Non è un vero e proprio romanzo unitario, né una raccolta di racconti autonomi l’uno dall’altro: si tratta più di una sequenza di storie ambientate principalmente nell’America di provincia e legate tra loro in qualche modo dalla presenza della signora Olive Kitteridge. Vi si narrano ad esempio alcuni momenti importanti nelle vite di suo marito, del figlio, delle amiche, degli alunni che l’hanno avuta a scuola come insegnante, di lei stessa.
A volte Olive compare solo sullo sfondo, sotto forma di una frase detta a scuola e ricordata in un momento decisivo da una ragazza in crisi, che le dà lo spunto per dare una svolta alla propria vita. Mi ha ricordato, in questo, le “epifanie” di Gente di Dublino di Joyce: momenti che dovrebbero essere insignificanti, ma per la persona che li vive assumono rilevanza decisiva.
Il tutto concorre a comporre, grazie ai vari punti di vista dei protagonisti delle storie narrate, un quadro per elementi sovrapposti e a volte discordanti di Olive stessa, ma anche della vita della cittadina in cui si muove.
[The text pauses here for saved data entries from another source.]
text \<open>Evaluating at the grid points \<lceil>k s\<rceil>/k \<ge> s gives countably-valued, hence jointly measurable,
  approximations, which converge by continuity of the paths.\<close>

lemma borel_measurable_continuous_process:
  fixes B :: "real \<Rightarrow> 'a \<Rightarrow> 'b::metric_space"
  assumes Bm: "\<And>t. B t \<in> borel_measurable M"
    and cont: "\<And>\<omega>. \<omega> \<in> space M \<Longrightarrow> continuous_on {0..} (\<lambda>t. B t \<omega>)"
  shows "(\<lambda>p. B (max 0 (snd p)) (fst p)) \<in> borel_measurable (M \<Otimes>\<^sub>M (lborel :: real measure))"
proof (rule borel_measurable_LIMSEQ_metric)
  fix k :: nat
  let ?c = "real (Suc k)"
  show "(\<lambda>p. B (real_of_int \<lceil>?c * max 0 (snd p)\<rceil> / ?c) (fst p)) \<in> borel_measurable (M \<Otimes>\<^sub>M lborel)"
  proof (rule measurable_compose_countable[where f="\<lambda>j p. B (real_of_int j / ?c) (fst p)"])
    show "\<And>j::int. (\<lambda>p. B (real_of_int j / ?c) (fst p)) \<in> borel_measurable (M \<Otimes>\<^sub>M lborel)"
      using Bm by (intro measurable_compose[OF measurable_fst]) auto
    show "(\<lambda>p. \<lceil>?c * max 0 (snd p)\<rceil>) \<in> measurable (M \<Otimes>\<^sub>M lborel) (count_space UNIV)"
      by (rule measurable_compose[OF _ measurable_real_ceiling]) simp
  qed
next
  fix p :: "'a \<times> real" assume p: "p \<in> space (M \<Otimes>\<^sub>M lborel)"
  let ?x = "max 0 (snd p)"
  have x0: "0 \<le> ?x" by simp
  have grid_tendsto: "(\<lambda>k. real_of_int \<lceil>real (Suc k) * ?x\<rceil> / real (Suc k)) \<longlonglongrightarrow> ?x"
  proof (rule tendsto_sandwich[of "\<lambda>k. ?x" _ _ "\<lambda>k. ?x + 1 / real (Suc k)"])
    show "\<forall>\<^sub>F k in sequentially. ?x \<le> real_of_int \<lceil>real (Suc k) * ?x\<rceil> / real (Suc k)"
      by (intro always_eventually allI ceiling_mult_divide_bounds(1)) simp
    show "\<forall>\<^sub>F k in sequentially. real_of_int \<lceil>real (Suc k) * ?x\<rceil> / real (Suc k) \<le> ?x + 1 / real (Suc k)"
      by (intro always_eventually allI ceiling_mult_divide_bounds(2)) simp
    show "(\<lambda>k. ?x) \<longlonglongrightarrow> ?x" by simp
    show "(\<lambda>k. ?x + 1 / real (Suc k)) \<longlonglongrightarrow> ?x"
      using tendsto_add[OF tendsto_const[of ?x] LIMSEQ_inverse_real_of_nat] by (simp add: inverse_eq_divide)
  qed
  have grid_nonneg: "\<forall>\<^sub>F k in sequentially. real_of_int \<lceil>real (Suc k) * ?x\<rceil> / real (Suc k) \<in> {0..}"
  proof (intro always_eventually allI)
    fix k
    have "?x \<le> real_of_int \<lceil>real (Suc k) * ?x\<rceil> / real (Suc k)" by (rule ceiling_mult_divide_bounds(1)) simp
    then show "real_of_int \<lceil>real (Suc k) * ?x\<rceil> / real (Suc k) \<in> {0..}"
      using x0 unfolding atLeast_iff by linarith
  qed
  from p have "fst p \<in> space M" by (auto simp: space_pair_measure)
  from continuous_on_tendsto_compose[OF cont[OF this] grid_tendsto _ grid_nonneg]
  show "(\<lambda>k. B (real_of_int \<lceil>real (Suc k) * max 0 (snd p)\<rceil> / real (Suc k)) (fst p)) \<longlonglongrightarrow> B (max 0 (snd p)) (fst p)"
    by simp
qed
lemma base_term_Suc:
  fixes x :: real
  assumes x: "x \<ge> 0"
  shows "base_term x (Suc k) = base_term x k * (-2*((real k-3*x-3)*(3*real k-3*x-2)*(2*real k+1)))
    / ((real k+1)*(6*x+6*real k+7)*(6*x+2*real k+3))"
proof -
  define num where
    "num = pochhammer (- 3 * x - 3) k * pochhammer (- x - 2/3) k * pochhammer (1/2::real) k"
  define den where "den = fact k * pochhammer (x + 7/6) k * pochhammer (3 * x + 3/2) k"
  have "base_term x (Suc k)
      = (-1)^k * num * (- ((- 3*x - 3 + real k) * (- x - 2/3 + real k) * (1/2 + real k)))
      / (den * ((real k + 1) * (x + 7/6 + real k) * (3*x + 3/2 + real k)))"
    unfolding base_term_def pochhammer_Suc fact_Suc num_def den_def by (simp add: mult_ac)
  also have "\<dots> = base_term x k
      * (- ((- 3*x - 3 + real k) * (- x - 2/3 + real k) * (1/2 + real k))
      / ((real k + 1) * (x + 7/6 + real k) * (3*x + 3/2 + real k)))"
    unfolding base_term_def num_def den_def by (simp only: times_divide_times_eq)
  also have "\<dots> = base_term x k * (-2*((real k-3*x-3)*(3*real k-3*x-2)*(2*real k+1)))
    / ((real k+1)*(6*x+6*real k+7)*(6*x+2*real k+3))"
  proof -
    have nz: "(real k + 1) * (x + 7/6 + real k) * (3*x + 3/2 + real k) \<noteq> 0"
      "(real k+1)*(6*x+6*real k+7)*(6*x+2*real k+3) \<noteq> 0"
      using x by (simp_all add: add_nonneg_pos)
    have "- ((- 3*x - 3 + real k) * (- x - 2/3 + real k) * (1/2 + real k))
        / ((real k + 1) * (x + 7/6 + real k) * (3*x + 3/2 + real k))
      = -2*((real k-3*x-3)*(3*real k-3*x-2)*(2*real k+1))
        / ((real k+1)*(6*x+6*real k+7)*(6*x+2*real k+3))"
      unfolding frac_eq_eq[OF nz] by algebra
    then show ?thesis
      by (simp only: times_divide_eq_right)
  qed
  finally show ?thesis .
qed

definition cert_poly :: "real \<Rightarrow> real \<Rightarrow> real" where
  "cert_poly x k =
     - 8265320 - 2984835 * k + 5502210 * k ^ 2 + 1849995 * k ^ 3 - 1750770 * k ^ 4
     - 238140 * k ^ 5 + 158760 * k ^ 6 - 141674764 * x - 35840742 * x * k
     + 67981872 * x * k ^ 2 + 14700924 * x * k ^ 3 - 14213304 * x * k ^ 4
     - 1170288 * x * k ^ 5 + 780192 * x * k ^ 6 - 1060759596 * x ^ 2 - 186177258 * x ^ 2 * k
     + 360202734 * x ^ 2 * k ^ 2 + 48436056 * x ^ 2 * k ^ 3 - 47580696 * x ^ 2 * k ^ 4
     - 2052864 * x ^ 2 * k ^ 5 + 1368576 * x ^ 2 * k ^ 6 - 4577606478 * x ^ 3
     - 545020056 * x ^ 3 * k + 1068882264 * x ^ 3 * k ^ 2 + 84503088 * x ^ 3 * k ^ 3
     - 83861568 * x ^ 3 * k ^ 4 - 1539648 * x ^ 3 * k ^ 5 + 1026432 * x ^ 3 * k ^ 6
     - 12630619980 * x ^ 4 - 981710604 * x ^ 4 * k + 1942923672 * x ^ 4 * k ^ 2
     + 81955152 * x ^ 4 * k ^ 3 - 81780192 * x ^ 4 * k ^ 4 - 419904 * x ^ 4 * k ^ 5
     + 279936 * x ^ 4 * k ^ 6 - 23319303840 * x ^ 5 - 1112905008 * x ^ 5 * k
     + 2215382400 * x ^ 5 * k ^ 2 + 41710464 * x ^ 5 * k ^ 3 - 41710464 * x ^ 5 * k ^ 4
     - 29214601128 * x ^ 6 - 774839520 * x ^ 6 * k + 1547509536 * x ^ 6 * k ^ 2
     + 8678016 * x ^ 6 * k ^ 3 - 8678016 * x ^ 6 * k ^ 4 - 24553746432 * x ^ 7
     - 302750784 * x ^ 7 * k + 605501568 * x ^ 7 * k ^ 2 - 13264067520 * x ^ 8
     - 50808384 * x ^ 8 * k + 101616768 * x ^ 8 * k ^ 2 - 4162928256 * x ^ 9
     - 576948096 * x ^ 10"

(* The certificate G(x,k); it vanishes at k = 0 because of the factor k. *)
definition certificate :: "real \<Rightarrow> nat \<Rightarrow> real" where
  "certificate x k = base_term x k * (4 * real k * cert_poly x (real k)
     / (442368 * ((3*x+1)*(3*x+2)^2*(3*x+3)) * ((6*x+2*real k+3)*(6*x+2*real k+5))))"

definition rec_lead :: "real \<Rightarrow> real" where
  "rec_lead x = (x + 25/24) * (x + 7/24) * (x + 13/24) * (x + 19/24)"

definition rec_trail :: "real \<Rightarrow> real" where
  "rec_trail x = 27/256 * (x + 5/6) * (x + 1/2) * (x + 7/6)^2"

(* The polynomial identity behind the telescoping relation, after clearing all
   denominators (with k a real variable). *)
lemma certificate_identity:
  fixes x k :: real
  shows "((3*x+1)*(3*x+2)^2*(3*x+3)) * ((24*x+25)*(24*x+7)*(24*x+13)*(24*x+19))
      * ((4*k+1)*(6*x+7)^2*(6*x+3)*(6*x+5))
    - 81 * ((6*x+5)*(2*x+1)*(6*x+7)^2) * ((4*k+1)*(3*x+3-k)*(3*x+2-k)*(3*x+1-k)*(3*x+2-3*k))
      * ((6*x+6*k+7)*(6*x+2*k+3)*(6*x+2*k+5)*(6*x+2*k+7))
   = -6 * ((k-3*x-3)*(3*k-3*x-2)*(2*k+1)) * cert_poly x (k+1)
     - 3 * k * cert_poly x k * ((6*x+6*k+7)*(6*x+2*k+7))"
  unfolding cert_poly_def by algebra
(* Let $C,D$ be category presentations. The uncurrying functor $\overline{(-)}:\mathbf{Curr}(C,D)\to\mathbf{UnCurr}(C,D)$ takes values in curryable profunctor presentations and rightward morphisms. Its corestriction $\overline{(-)}:\mathbf{Curr}(C,D)\to\mathbf{Crble}(C,D)$ is an equivalence of categories, and when $C,D$ are finite so is its restriction $\overline{(-)}:\mathbf{FinCurr}(C,D)\to\mathbf{FinCrble}(C,D)$; both preserve and reflect provable equality of morphisms (i.e. $F\approx G$ iff $\overline F\approx\overline G$).
   Context: Category presentations $C$: sorts, function symbols $f:c\to c'$, equations $C_E$ between parallel paths; finite if all these sets are finite; provable equality is the smallest equivalence relation on paths containing the equations and closed under concatenation with composable function symbols. Uncurried presentations $P:C\nrightarrow D$: a set $\mathrm{Fun}(P)$ of symbols $x:c\to d$ ($c$ a $C$-sort, $d$ a $D$-sort) and a set $P_E$ of equations between cross-paths (paths from a $C$-sort to a $D$-sort) of the category presentation $|P|$ with sorts $\mathrm{Sort}(C)+\mathrm{Sort}(D)$, symbols $\mathrm{Fun}(C)+\mathrm{Fun}(P)+\mathrm{Fun}(D)$, equations $C_E+P_E+D_E$; $\approx_P$ is provable equality of $|P|$ restricted to cross-paths. Morphisms $F:P\to P'$ send each $x:c\to d$ to a cross-path $F(x):c\to d$ of $P'$ such that the extension acting as identity on $C$ and $D$ maps every equation of $|P|$ to a provable equality of $|P'|$; composition by substitution; category $\mathbf{UnCurr}(C,D)$; $F\approx F'$ iff $F(x)\approx_{P'}F'(x)$ for all $x$. A short left cross-path is $f.p$ with $f\in\mathrm{Fun}(C)$, $p\in\mathrm{Fun}(P)$; a right cross-path is $p.g$ with $p\in\mathrm{Fun}(P)$, $g$ a $D$-path. For a $C$-sort $c$, $P^c$ is the $D$-instance presentation with generators the symbols $p:c\to d$ of $P$ and equations those of $P_E$ with source $c$. $P$ is nongenerative if every short left cross-path is $\approx_P$-equal to a right cross-path, conservative if right cross-paths $t,t'$ from $c$ with $t\approx_P t'$ satisfy $t\approx_{P^c}t'$, and curryable if both. A morphism is rightward if it sends each symbol to a right cross-path. $\mathbf{Crble}(C,D)$ is the (non-full) subcategory of $\mathbf{UnCurr}(C,D)$ with curryable objects and rightward morphisms; $\mathbf{FinCrble}(C,D)$ its full subcategory on presentations with $\mathrm{Fun}(P)$, $P_E$ finite. Instance presentations: a $D$-instance presentation $I$ has generators $x:d$ and equations between terms $x.g$; $\approx_I$ is the smallest equivalence relation on terms containing $I_E$, closed under right concatenation with $D$-function symbols, identifying $t.g,t.g'$ for equations $g=g'$ of $D_E$. Morphisms $F:I\to J$ send generators $x:d$ to terms $F(x):d$ respecting equations up to $\approx_J$; $F(x.g):=F(x).g$; $F\approx G$ iff $F(x)\approx_J G(x)$. Curried presentations $P:C\nrightarrow D$: $D$-instance presentations $P(c)$ and $D$-instance morphisms $P(f):P(c')\to P(c)$ for $f:c\to c'$, with $P(p)\approx P(p')$ for equations $p=p'$ of $C_E$ ($P(f_1.\cdots.f_n):=P(f_n)\circ\cdots\circ P(f_1)$). Morphisms: families $F_c:P(c)\to P'(c)$ with $F_c\circ P(f)\approx P'(f)\circ F_{c'}$; $\mathbf{Curr}(C,D)$; $F\approx G$ iff all $F_c\approx G_c$; $\mathbf{FinCurr}(C,D)$ the full subcategory with all $P(c)$ finite. Uncurrying: $\overline P$ has a symbol $\overline p:c\to d$ for each $C$-sort $c$ and generator $p:d$ of $P(c)$; $\overline{p.g}:=\overline p.g$; equations $\overline t=\overline{t'}$ for each equation $t=t'$ of each $P(c)$, and $f.\overline p=\overline{P(f)(p)}$ for each $f:c\to c'$ in $\mathrm{Fun}(C)$ and generator $p$ of $P(c')$. On morphisms $\overline F(\overline p):=\overline{F_c(p)}$. *)

theory Defs
  imports Main
begin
L’impressione conclusiva è che Olive, nella sua normalità e con tutti i suoi difetti e i suoi errori, abbia influito in modo determinate sulla vita di chi aveva intorno, ma lo ha fatto in quel modo normale e quotidiano con cui ciascuno di noi – a volte anche senza rendercene conto, o in modo diametralmente opposto a quanto avessimo voluto – influisce sulla vita di chiunque altro. Gesti apparentemente banali e casuali possono influenzare in modi che non possiamo nemmeno comprendere le scelte e la vita di chi incrociamo per un secondo o una vita intera. E, nello stesso modo, gesti o parole che per noi esprimono amore possono essere armi per coloro cui sono rivolte.
C’è un modo per non sbagliare? No, si può soltanto vivere per tutto il tempo che c’è concesso di vivere e si può amare con tutto l’amore che ci è concesso di donare.
Quattro palle su cinque.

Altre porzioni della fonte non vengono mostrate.